Adikku, aku tidak tahu apakah ia memiliki pemikiran yang sama denganku. Tapi kami sama-sama enggan berada di rumah. Karena sarapan pun kami tak pernah satu meja dengan ayah dan ibu.
Ayah tidak pernah terlihat serius berbicara dengan ibu mengenai sesuatu. Aku benci dengan kondisi ini, kami sama sekali tidak tampak seperti sebuah kekuarga. Lebih cenderung tampak seperti orang 'seatap' saja.

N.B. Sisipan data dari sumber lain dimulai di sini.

text \<open>Rado's step: if both removals violated Hall's condition, witnessed by K1 and K2,
  then Hall's condition for K1 \<union> K2 \<union> {i} and for K1 \<inter> K2 would contradict
  the submodularity of cardinality.\<close>

lemma hall_condition_remove_one:
  assumes hall: "hall_condition I A" and "finite I" and i: "i \<in> I"
    and x: "x\<^sub>1 \<in> A i" "x\<^sub>2 \<in> A i" "x\<^sub>1 \<noteq> x\<^sub>2"
  shows "\<exists>x\<in>{x\<^sub>1, x\<^sub>2}. hall_condition I (A(i := A i - {x}))"
proof (rule ccontr)
  assume "\<not> ?thesis"
  then have "\<not> hall_condition I (A(i := A i - {x\<^sub>1}))" "\<not> hall_condition I (A(i := A i - {x\<^sub>2}))"
    by auto
  obtain K\<^sub>1 where K\<^sub>1: "K\<^sub>1 \<subseteq> I - {i}"
    and P\<^sub>1: "card ((A i - {x\<^sub>1}) \<union> \<Union>(A ` K\<^sub>1)) \<le> card K\<^sub>1"
    by (rule hall_condition_violated_after_removal[OF hall \<open>\<not> hall_condition I (A(i := A i - {x\<^sub>1}))\<close> \<open>finite I\<close>])
  obtain K\<^sub>2 where K\<^sub>2: "K\<^sub>2 \<subseteq> I - {i}"
    and P\<^sub>2: "card ((A i - {x\<^sub>2}) \<union> \<Union>(A ` K\<^sub>2)) \<le> card K\<^sub>2"
    by (rule hall_condition_violated_after_removal[OF hall \<open>\<not> hall_condition I (A(i := A i - {x\<^sub>2}))\<close> \<open>finite I\<close>])
  note K = K\<^sub>1 K\<^sub>2
  define P\<^sub>1 where "P\<^sub>1 = (A i - {x\<^sub>1}) \<union> \<Union>(A ` K\<^sub>1)"
  define P\<^sub>2 where "P\<^sub>2 = (A i - {x\<^sub>2}) \<union> \<Union>(A ` K\<^sub>2)"
  have fin_K: "finite K\<^sub>1" "finite K\<^sub>2"
    using finite_subset[OF K(1)] finite_subset[OF K(2)] \<open>finite I\<close> by auto
  have fin_P: "finite P\<^sub>1" "finite P\<^sub>2"
    using K fin_K hall_condition_member(1)[OF hall] i unfolding P\<^sub>1_def P\<^sub>2_def by auto
  have "insert i (K\<^sub>1 \<union> K\<^sub>2) \<subseteq> I" using K i by auto
  then have "card (insert i (K\<^sub>1 \<union> K\<^sub>2)) \<le> card (\<Union>(A ` insert i (K\<^sub>1 \<union> K\<^sub>2)))"
    by (rule hall_conditionD[OF hall])
  also have "\<Union>(A ` insert i (K\<^sub>1 \<union> K\<^sub>2)) = P\<^sub>1 \<union> P\<^sub>2"
    using x unfolding P\<^sub>1_def P\<^sub>2_def by auto
  also have "card (insert i (K\<^sub>1 \<union> K\<^sub>2)) = card (K\<^sub>1 \<union> K\<^sub>2) + 1"
    using K fin_K by (subst card_insert_disjoint) auto
  finally have union: "card (K\<^sub>1 \<union> K\<^sub>2) + 1 \<le> card (P\<^sub>1 \<union> P\<^sub>2)" .
  have "card (K\<^sub>1 \<inter> K\<^sub>2) \<le> card (\<Union>(A ` (K\<^sub>1 \<inter> K\<^sub>2)))"
    using K by (intro hall_conditionD[OF hall]) auto
  also have "\<dots> \<le> card (P\<^sub>1 \<inter> P\<^sub>2)"
    using fin_P unfolding P\<^sub>1_def P\<^sub>2_def by (intro card_mono) auto
  finally have inter: "card (K\<^sub>1 \<inter> K\<^sub>2) \<le> card (P\<^sub>1 \<inter> P\<^sub>2)" .
  show False
    using union inter P\<^sub>1 P\<^sub>2 card_Un_Int[OF fin_P] card_Un_Int[OF fin_K]
    unfolding P\<^sub>1_def P\<^sub>2_def by linarith
qed

lemma hall_condition_singletons:
  assumes hall: "hall_condition I A" and single: "\<forall>i\<in>I. \<forall>x\<in>A i. \<forall>y\<in>A i. x = y"
  shows "\<exists>f. inj_on f I \<and> (\<forall>i\<in>I. f i \<in> A i)"
proof -
  define f where "f i = (SOME x. x \<in> A i)" for i
  have f: "f i \<in> A i" if "i \<in> I" for i
    using hall_condition_member(2)[OF hall that] unfolding f_def by (simp add: some_in_eq)
  have A: "A i = {f i}" if "i \<in> I" for i
    using f[OF that] bspec[OF single that] by auto
  have "inj_on f I"
  proof (rule inj_onI, rule ccontr)
    fix p q assume pq: "p \<in> I" "q \<in> I" "f p = f q" "p \<noteq> q"
    then have "card {p, q} \<le> card (\<Union>(A ` {p, q}))"
      by (intro hall_conditionD[OF hall]) auto
    also have "\<Union>(A ` {p, q}) = {f p}"
      using A[OF pq(1)] A[OF pq(2)] pq(3) by simp
    finally show False using \<open>p \<noteq> q\<close> by simp
  qed
  then show ?thesis using f by blast
qed

theorem hall_marriage:
  assumes "finite I" and "hall_condition I A"
  shows "\<exists>f. inj_on f I \<and> (\<forall>i\<in>I. f i \<in> A i)"
  using assms
proof (induction "\<Sum>i\<in>I. card (A i)" arbitrary: A rule: less_induct)
  case less
  show ?case
  proof (cases "\<exists>i\<in>I. \<exists>x\<^sub>1\<in>A i. \<exists>x\<^sub>2\<in>A i. x\<^sub>1 \<noteq> x\<^sub>2")
    case True
    then obtain i x\<^sub>1 x\<^sub>2 where i: "i \<in> I" and x: "x\<^sub>1 \<in> A i" "x\<^sub>2 \<in> A i" "x\<^sub>1 \<noteq> x\<^sub>2" by blast
    then obtain x where "x \<in> A i" and hall': "hall_condition I (A(i := A i - {x}))"
      using hall_condition_remove_one[OF less.prems(2,1) i x] by blast
    have smaller: "(\<Sum>k\<in>I. card ((A(i := A i - {x})) k)) < (\<Sum>k\<in>I. card (A k))"
    proof (rule sum_strict_mono_ex1[OF less.prems(1)])
      show "\<forall>k\<in>I. card ((A(i := A i - {x})) k) \<le> card (A k)"
        using hall_condition_member(1)[OF less.prems(2)] by (auto intro: card_mono)
      have "card (A i - {x}) < card (A i)"
        by (rule card_Diff1_less[OF hall_condition_member(1)[OF less.prems(2) i] \<open>x \<in> A i\<close>])
      then show "\<exists>k\<in>I. card ((A(i := A i - {x})) k) < card (A k)"
        using i by auto
    qed
    obtain f where "inj_on f I" "\<forall>k\<in>I. f k \<in> (A(i := A i - {x})) k"
      using less.hyps[OF smaller less.prems(1) hall'] by blast
    moreover have "\<forall>k\<in>I. (A(i := A i - {x})) k \<subseteq> A k" by auto
    ultimately show ?thesis by blast
  next
    case False
    then show ?thesis using hall_condition_singletons[OF less.prems(2)] by blast
  qed
qed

Ayah semakin hari semakin pendiam, begitu pula ibu. Aku hanya ingin tahu, kenapa mereka begitu. Yang kubutuhkan hanya sedikit, melihat mereka hidup saling mencintai. Tapi kapan? Apakah seperti ini memang watak mereka, atau ada sesuatu yang membuat mereka bersikap dingin. Atau, mereka tetap bersama demi kami berdua, anak-anaknya.
####
Menjawab tantangan ibunda Vinny Martina. Sebuah cerita dengan 3 POV.